6. The system of claim 1, wherein the count of the plurality of commands is indicated by a mask field in the packet.
7. The system of claim 1, wherein the credit value indicating the buffer space available to the source returns an indication of the number of entries in the buffer available to the source.
8. A method for flow control using a credit score, comprising: Receive a packet from the source that includes multiple commands, including a first memory command and additional commands, the count of which exceeds the number of time slots in each entry of the buffer; and Based on the fact that the first entry in the buffer, which already contains the second memory command, has an available time slot: Store the first memory command in the available time slot of the first entry; The additional command is stored in a second entry in the buffer that does not contain a used time slot; as well as The packet sent to the source includes a credit value returned indicating the buffer space available to the source.
9. The method according to claim 8, wherein: The first memory command is a memory access command.
10. The method according to claim 8, wherein: The first memory command is a memory write command.
11. The method according to claim 8, wherein: The receiving is performed by the first small chip; and The source is the second small chip.
12. The method of claim 8, further comprising: Before receiving the packet, a previous packet is received comprising one or more previous commands containing the second memory command, the count of which is less than the number of time slots of the first entry of the buffer, the first entry of the buffer being empty when the previous packet is received; and The previous command is stored in the entry of the buffer without transmitting a packet that includes a credit value return.
13. The method of claim 8, wherein the count of the plurality of commands is indicated by a mask field in the packet.
14. The method of claim 8, wherein the credit value indicating the buffer space available to the source returns an indication of the number of entries available in the buffer for the source.
15. A non-transitory machine-readable medium storing instructions, which, when executed by a system, cause the system to perform operations including: receiving a packet comprising a plurality of commands from a source, the plurality of commands comprising a first memory command and an additional command, a count of the plurality of commands exceeding a number of time slots in each entry of a buffer; and Based on the fact that the first entry in the buffer, which already contains the second memory command, has an available time slot: Store the first memory command in the available time slot of the first entry; The additional command is stored in a second entry in the buffer that does not contain a used time slot; as well as The packet sent to the source includes a credit value returned indicating the buffer space available to the source.
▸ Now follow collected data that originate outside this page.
lemma mult_breve_mat_response:
  fixes A B G2 G3 Al Be :: "real mat"
  assumes A: "A \<in> carrier_mat n m" and B: "B \<in> carrier_mat n m" and G2: "G2 \<in> carrier_mat m n"
    and G3: "G3 \<in> carrier_mat m m" and Al: "Al \<in> carrier_mat n n" and Be: "Be \<in> carrier_mat m n"
    and x: "x \<in> carrier_vec n" and r: "r < n"
    and inv: "invertible_mat (mat_delete (A * G2) r r)"
    and A_cols: "transpose_mat A *\<^sub>v ones_vec n = 0\<^sub>v m"
    and balance: "transpose_mat (Al - B * Be) *\<^sub>v ones_vec n = ones_vec n"
    and v_def: "v = (Al - (B + A * G3) * Be - 1\<^sub>m n) *\<^sub>v x"
  shows "A *\<^sub>v (G2 *\<^sub>v (breve_mat r (A * G2) *\<^sub>v v)) = v"
proof -
  have AG2: "A * G2 \<in> carrier_mat n n"
    using A G2 by simp
  have v: "v \<in> carrier_vec n"
    unfolding v_def using minus_carrier_mat[OF one_carrier_mat] x by (rule mult_mat_vec_carrier)
  have "(A * G2) *\<^sub>v (breve_mat r (A * G2) *\<^sub>v v) = v"
  proof (rule mult_breve_mat_mult_vec[OF AG2 r inv _ v])
    show "transpose_mat (A * G2) *\<^sub>v ones_vec n = 0\<^sub>v n"
      using A G2 A_cols by (rule transpose_mult_ones_eq_zero)
    show "ones_vec n \<bullet> v = 0"
      unfolding v_def using A B G3 Al Be x A_cols balance by (rule ones_vec_scalar_prod_response_eq_zero)
  qed
  then show ?thesis
    using assoc_mult_mat_vec[OF A G2 mult_mat_vec_carrier[OF breve_mat_carrier[OF AG2] v]] by simp
qed
theorem lemma3p9:
  fixes J :: "'k::chilbert_space \<Rightarrow> 'k"
    and A Ahat :: "('k \<times> 'k) set"
    and G :: "'h::chilbert_space \<Rightarrow> 'k"
    and Q :: "complex \<Rightarrow> 'h \<Rightarrow> 'h"
    and z0 z :: complex and \<alpha> :: real and l :: nat and x :: "nat \<Rightarrow> 'k"
  assumes J: "pontryagin_symmetry J"
    and A_sa: "selfadjoint_rel J A"
    and z0: "z0 \<in> resolvent_set A" "Im z0 > 0"
    and G: "bounded_clinear G"
    and Q_real: "\<forall>w\<in>resolvent_set A.
        Q w = (\<lambda>h. hadj (Q z0) h + (w - cnj z0) *\<^sub>C kadj J G (Gamma_z A z0 G w h))"
    and Qz0: "bdd_invertible (Q z0)"
    and Ahat: "\<forall>w\<in>resolvent_set A. bdd_invertible (Q w) \<longrightarrow>
        w \<in> resolvent_set Ahat \<and>
        resolvent Ahat w = (\<lambda>k. resolvent A w k
            + Gamma_z A z0 G w (- inv (Q w) (kadj J (Gamma_z A z0 G (cnj w)) k)))"
    and chain: "jordan_chain A (complex_of_real \<alpha>) l x"
    and z: "z \<in> resolvent_set A" "z \<in> resolvent_set Ahat" "bdd_invertible (Q z)"
    and z_ne: "z \<noteq> cnj z0"
  shows "(let Ghat = (\<lambda>h. - G (inv (Q z0) h));
              xz = (\<Sum>j<l. (z - complex_of_real \<alpha>) ^ j *\<^sub>C x j);
              w = resolvent A (cnj z0) (x (l - 1))
          in Gamma_z Ahat z0 Ghat z (kadj J G xz)
             = (- 1 / (z - cnj z0)) *\<^sub>C
                 (xz + (z - complex_of_real \<alpha>) ^ l *\<^sub>C (w + (z - cnj z0) *\<^sub>C resolvent Ahat z w)))"
proof -
  interpret realization J A G Q z0
    using J A_sa z0(1) G Q_real by unfold_locales
  have resolvent_Ahat: "resolvent Ahat z = (\<lambda>k. resolvent A z k
      + Gamma_z A z0 G z (- inv (Q z) (kadj J (Gamma_z A z0 G (cnj z)) k)))"
    using Ahat z(1,3) by blast
  have "z - cnj z0 \<noteq> 0" using z_ne by simp
  then show ?thesis
    using Gamma_z_hat[OF z(1,3) resolvent_Ahat Qz0]
      Gamma_z_inv_Q_kadj_jordan_chain_sum[OF z(1,3) resolvent_Ahat chain, symmetric]
    by (simp add: Let_def)
qed

end
(* Suppose the stochastic variational inequality in extensive form has at least one solution, and let $\{(x_k,w_k)\}$ be an infinite sequence generated by the IPHA (the stopping condition never holds). Then $\{(x_k,w_k)\}$ converges to a pair $(x^*,w^* )$ which solves the SVI in extensive form, and $x^*$ is a solution of the basic SVI.
   Context: Multistage setting: $\Xi$ is a finite set of scenarios $\xi=(\xi_1,\dots,\xi_N)$ with probabilities $p(\xi)>0$; $n=n_1+\dots+n_N$. $\mathcal L_n$ is the space of functions $x:\Xi\to\mathbb R^n$, $x(\xi)=(x_1(\xi),\dots,x_N(\xi))$, $x_j(\xi)\in\mathbb R^{n_j}$, with inner product $\langle x,w\rangle=\sum_{\xi}p(\xi)\sum_{j}\langle x_j(\xi),w_j(\xi)\rangle$. $\mathcal N=\{x\in\mathcal L_n: x_j(\xi)\text{ does not depend on }\xi_j,\dots,\xi_N\}$, $\mathcal M=\mathcal N^\perp$, with orthogonal projections $P_{\mathcal N},P_{\mathcal M}$. For each $\xi$, $C(\xi)\subset\mathbb R^n$ is nonempty closed convex and $F(\cdot,\xi):\mathbb R^n\to\mathbb R^n$ is continuous monotone; $\mathcal C=\{x\in\mathcal L_n: x(\xi)\in C(\xi)\ \forall\xi\}$ and $\mathcal F(x)(\xi)=F(x(\xi),\xi)$. $r>0$ fixed. Basic SVI: find $x\in\mathcal C\cap\mathcal N$ with $-\mathcal F(x)\in N_{\mathcal C\cap\mathcal N}(x)$. SVI in extensive form: find $x\in\mathcal N$, $w\in\mathcal M$ with $-F(x(\xi),\xi)-w(\xi)\in N_{C(\xi)}(x(\xi))$ for all $\xi\in\Xi$. IPHA: choose $x_0\in\mathcal N$, $w_0\in\mathcal M$, $\bar\sigma\in(0,1)$, $\theta\in(0,1)$. At iteration $k$: choose $\sigma_k\in[0,\bar\sigma)$, find $\hat x^k,\hat w^k\in\mathcal L_n$ with $r(x_k(\xi)-\hat x^k(\xi))-w_k(\xi)\in F(\hat w^k(\xi),\xi)+N_{C(\xi)}(\hat w^k(\xi))$ for all $\xi$, $\delta^k=\hat w^k-\hat x^k$, and $\|\delta^k\|^2\le\sigma_k^2(\|a_k\|^2+\|b_k\|^2)$, where $a_k=x_k-P_{\mathcal N}(\hat x^k)+P_{\mathcal M}(\hat w^k)$, $b_k=x_k-P_{\mathcal N}(\hat w^k)+P_{\mathcal M}(\hat x^k)$. If $b_k=0$ stop; otherwise choose $\tau_k\in[1-\theta,1+\theta]$, set $\alpha_k=\langle a_k,b_k\rangle/\|a_k\|^2$, $x_{k+1}=x_k-\tau_k\alpha_k(x_k-P_{\mathcal N}(\hat x^k))$, $w_{k+1}=w_k+\tau_k\alpha_k rP_{\mathcal M}(\hat w^k)$. *)

theory Defs
  imports "HOL-Analysis.Analysis"
begin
16. The non-transitory machine-readable medium according to claim 15, wherein: The first memory command is a memory access command.
17. The non-transitory machine-readable medium according to claim 15, wherein: The first memory command is a memory write command.
18. The non-transitory machine-readable medium according to claim 15, wherein: The receiving is performed by the first small chip; and The source is the second small chip.
19. The non-transitory machine-readable medium of claim 15, wherein the count of the plurality of commands is indicated by a mask field in the packet.
20. The non-transitory machine-readable medium of claim 15, wherein the credit value indicating the buffer space available to the source returns an indication of the number of entries available to the buffer in the source.